What Are Glacial Earthquakes?

Glacial earthquakes were first identified in the early 2000s in Greenland, when seismologists noticed unusual, long-period seismic signals originating from major outlet glaciers. According to the U.S. Geological Survey and subsequent peer-reviewed studies, these events occur when large icebergs detach from a glacier’s terminus and topple or capsize, slamming back against the “mother” glacier and the ocean water.

Unlike typical tectonic earthquakes, which generate a wide spectrum of seismic waves including high-frequency components, glacial earthquakes are dominated by long-period, low-frequency motions. These signals can travel thousands of kilometers through the Earth’s crust but are harder to pinpoint with standard detection techniques that rely heavily on high-frequency energy.

Researchers say this frequency difference is one reason glacial earthquakes went largely unnoticed for decades, despite continuous monitoring for earthquakes, volcanic activity and nuclear tests. Only when scientists re-examined seismic records with new analytical approaches did the distinctive signature of glacial quakes stand out.

“These events are powerful but sneaky,” explained glaciologist Meredith Nettles of Columbia University in earlier work on Greenland glacial quakes. “They move a lot of ice, but their frequency content makes them easy to miss with tools designed for tectonic earthquakes.”

Lessons From Greenland’s Glacial Quakes

Most glacial earthquakes documented to date have been associated with major Greenland outlet glaciers such as Jakobshavn Isbræ, Helheim and Kangerdlugssuaq, according to studies published over the past two decades in journals including Science and Nature. These events can reach magnitudes comparable to those of underground nuclear tests carried out by North Korea, making them detectable by high-quality, continuously operating seismic networks worldwide.

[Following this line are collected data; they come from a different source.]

(* For $(u,\rho)\in H_{0,\infty}(\mathbb R)\times L^2_{\rm const}(\mathbb R)$ let $X_e(x)=(x,\bar u(x),c,1,u_x(x),u_x^2(x)+\bar\rho^2(x),\bar\rho(x),k)$ and write $g(u,\rho)$ for the function $x\mapsto g(X_e(x))$. Then $g(u,\rho)-1\in L^1(\mathbb R)$, and: (i) If $(u_1,\rho_1),(u_2,\rho_2)\in H_{0,\infty}(\mathbb R)\times L^2_{\rm const}(\mathbb R)$ satisfy $\operatorname{meas}(\{x:(\rho_1(x)=0\text{ and }\rho_2(x)\ne0)\text{ or }(\rho_1(x)\ne0\text{ and }\rho_2(x)=0)\})=0$, then $$\|g(u_1,\rho_1)-g(u_2,\rho_2)\|_{L^1}\le C\big(\|u_{1,x}-u_{2,x}\|_{L^2}+\|\bar\rho_1-\bar\rho_2\|_{L^2}\big),$$ where $C$ depends only on the $L^2$-norms of $u_{1,x},u_{2,x},\bar\rho_1,\bar\rho_2$. (ii) If $(u_n,\rho_n)\to(u,\rho)$ in $H_{0,\infty}(\mathbb R)\times L^2_{\rm const}(\mathbb R)$ and for all $n$, $\operatorname{meas}(\{x:(\rho(x)=0\text{ and }\rho_n(x)\ne0)\text{ or }(\rho(x)\ne0\text{ and }\rho_n(x)=0)\})=0$, then $g(u_n,\rho_n)-1\to g(u,\rho)-1$ in $L^1(\mathbb R)$.
   Context: Fix a smooth $\chi:\mathbb R\to\mathbb R$ with $\chi'\ge0$, $\chi=0$ on $(-\infty,0]$, $\chi=1$ on $[1,\infty)$. $H_{0,\infty}(\mathbb R)=\{u=\bar u+c\chi:\bar u\in H^1(\mathbb R),c\in\mathbb R\}$ with norm $\|\bar u\|_{H^1}+|c|$; $L^2_{\rm const}(\mathbb R)=\{\rho=\bar\rho+k:\bar\rho\in L^2(\mathbb R),k\in\mathbb R\}$ with norm $\|\bar\rho\|_{L^2}+|k|$. For $x\in\mathbb R^8$: $g_1(x)=|x_5|+2|x_7x_8|+2x_4$, $g_2(x)=x_4+x_6$, $\Omega_1=\{x:g_1(x)\le g_2(x),\ x_5\le0,\ x_7+x_8x_4=0\}$, and $g=g_1$ on $\Omega_1$, $g=g_2$ on $\mathbb R^8\setminus\Omega_1$. *)

theory Defs
  imports "HOL-Analysis.Analysis"
begin
(* Let $X$ be a T$_D$ space. Then the McKinsey scheme $\mathrm{M}:\ \Box\Diamond\varphi\to\Diamond\Box\varphi$ is $d$-valid in $X$ if and only if $X$ is crowded and openly irresolvable. Consequently, if $X$ is T$_D$ and crowded, then the following are equivalent: $\mathrm{M}$ is $d$-valid in $X$; $X$ is openly irresolvable; $\mathrm{M}$ is $C$-valid in $X$.
   Context: Topological models on a space $X$ are valuations of propositional variables by subsets of $X$, with Boolean connectives interpreted as set operations and $\Box=\neg\Diamond\neg$. In $d$-semantics, $\Diamond\varphi$ is interpreted as the derived set $\mathrm{d}_X$ (set of limit points: $x$ such that every $O-\{x\}$, $O$ an open neighbourhood of $x$, meets the set) of the truth set of $\varphi$; in $C$-semantics, $\Diamond\varphi$ is interpreted as the closure of the truth set of $\varphi$ (so $\Box$ is interior). A scheme is $d$-valid (resp. $C$-valid) in $X$ if all its instances are true at all points of all models on $X$ under $d$-semantics (resp. $C$-semantics). $X$ is T$_D$ if $\mathrm{d}_X\{x\}$ is closed for all $x$; crowded if it has no isolated points. A space is irresolvable if it has no two disjoint non-empty dense subsets; $X$ is openly irresolvable if every non-empty open subspace is irresolvable. *)

theory Defs
  imports "HOL-Analysis.Analysis"
begin

datatype fm = Var nat | Bot | Neg fm | Conj fm fm | Disj fm fm | Imp fm fm | Dia fm

definition Box :: "fm \<Rightarrow> fm" where "Box \<phi> = Neg (Dia (Neg \<phi>))"

definition McKinsey :: "fm \<Rightarrow> fm" where
  "McKinsey \<phi> = Imp (Box (Dia \<phi>)) (Dia (Box \<phi>))"

text \<open>Truth sets; the parameter D interprets the diamond (derived set or closure).\<close>
fun tsem :: "'a set \<Rightarrow> ('a set \<Rightarrow> 'a set) \<Rightarrow> (nat \<Rightarrow> 'a set) \<Rightarrow> fm \<Rightarrow> 'a set" where
  "tsem S D V (Var p) = V p"
| "tsem S D V Bot = {}"
| "tsem S D V (Neg \<phi>) = S - tsem S D V \<phi>"
| "tsem S D V (Conj \<phi> \<psi>) = tsem S D V \<phi> \<inter> tsem S D V \<psi>"
| "tsem S D V (Disj \<phi> \<psi>) = tsem S D V \<phi> \<union> tsem S D V \<psi>"
| "tsem S D V (Imp \<phi> \<psi>) = (S - tsem S D V \<phi>) \<union> tsem S D V \<psi>"
| "tsem S D V (Dia \<phi>) = D (tsem S D V \<phi>)"
(* Let $G=(V,E)$ be a finite, connected, undirected graph with $n\ge2$ vertices and let $r>1$. Then the absorption time $\tau$ of the Moran process on $G$ with fitness $r$ (started from a single mutant at any vertex) satisfies $$\mathbb{E}[\tau]\le\frac{r}{r-1}n^3\phi(G)\le\frac{r}{r-1}n^4.$$
   Context: The Moran process on $G$ with mutant fitness $r>0$ is the Markov chain $(X_i)_{i\ge0}$ whose state $X_i\subseteq V$ is the set of vertices occupied by mutants; every other vertex is occupied by a non-mutant of fitness $1$. Write $W(S)=r|S|+|V\setminus S|$ for the total fitness. Given $X_i=S$, one step is: choose a vertex $x$ with probability $r/W(S)$ if $x\in S$ and $1/W(S)$ if $x\notin S$; then choose a neighbour $y$ of $x$ uniformly at random; set $X_{i+1}=S\cup\{y\}$ if $x\in S$ and $X_{i+1}=S\setminus\{y\}$ if $x\notin S$. The process starts from $X_0=\{x\}$ for a single vertex $x$. The absorption time is $\tau=\min\{i: X_i=\emptyset\text{ or }X_i=V\}$. For $X\subseteq V$, $\phi(X)=\sum_{x\in X}\frac{1}{\deg x}$, and $\phi(G)=\phi(V)$. *)

theory Defs
  imports "HOL-Probability.Probability"
begin

definition simple_graph :: "'a set \<Rightarrow> ('a \<Rightarrow> 'a \<Rightarrow> bool) \<Rightarrow> bool" where
  "simple_graph V E \<longleftrightarrow> finite V \<and> (\<forall>x y. E x y \<longrightarrow> x \<in> V \<and> y \<in> V)
     \<and> (\<forall>x y. E x y \<longrightarrow> E y x) \<and> (\<forall>x. \<not> E x x)"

In Greenland, glacial earthquakes show a clear seasonal pattern. They occur more frequently in late summer, when warmer air and ocean temperatures enhance surface melt and undercut ice fronts, promoting calving. Multiple research groups have reported that these events have become more common since the 1990s, a trend many scientists link to amplified Arctic warming.

Climate scientists caution that the link between glacial earthquakes and long-term ice loss is complex. While more frequent calving events can indicate destabilizing ice fronts, some calving is a natural part of glacier dynamics. Still, the growing catalog of Greenland events has become an important indicator of how fast large outlet glaciers are changing in a warming climate.

The new Antarctic study extends this line of inquiry to the southern hemisphere, where comparable records have been sparse.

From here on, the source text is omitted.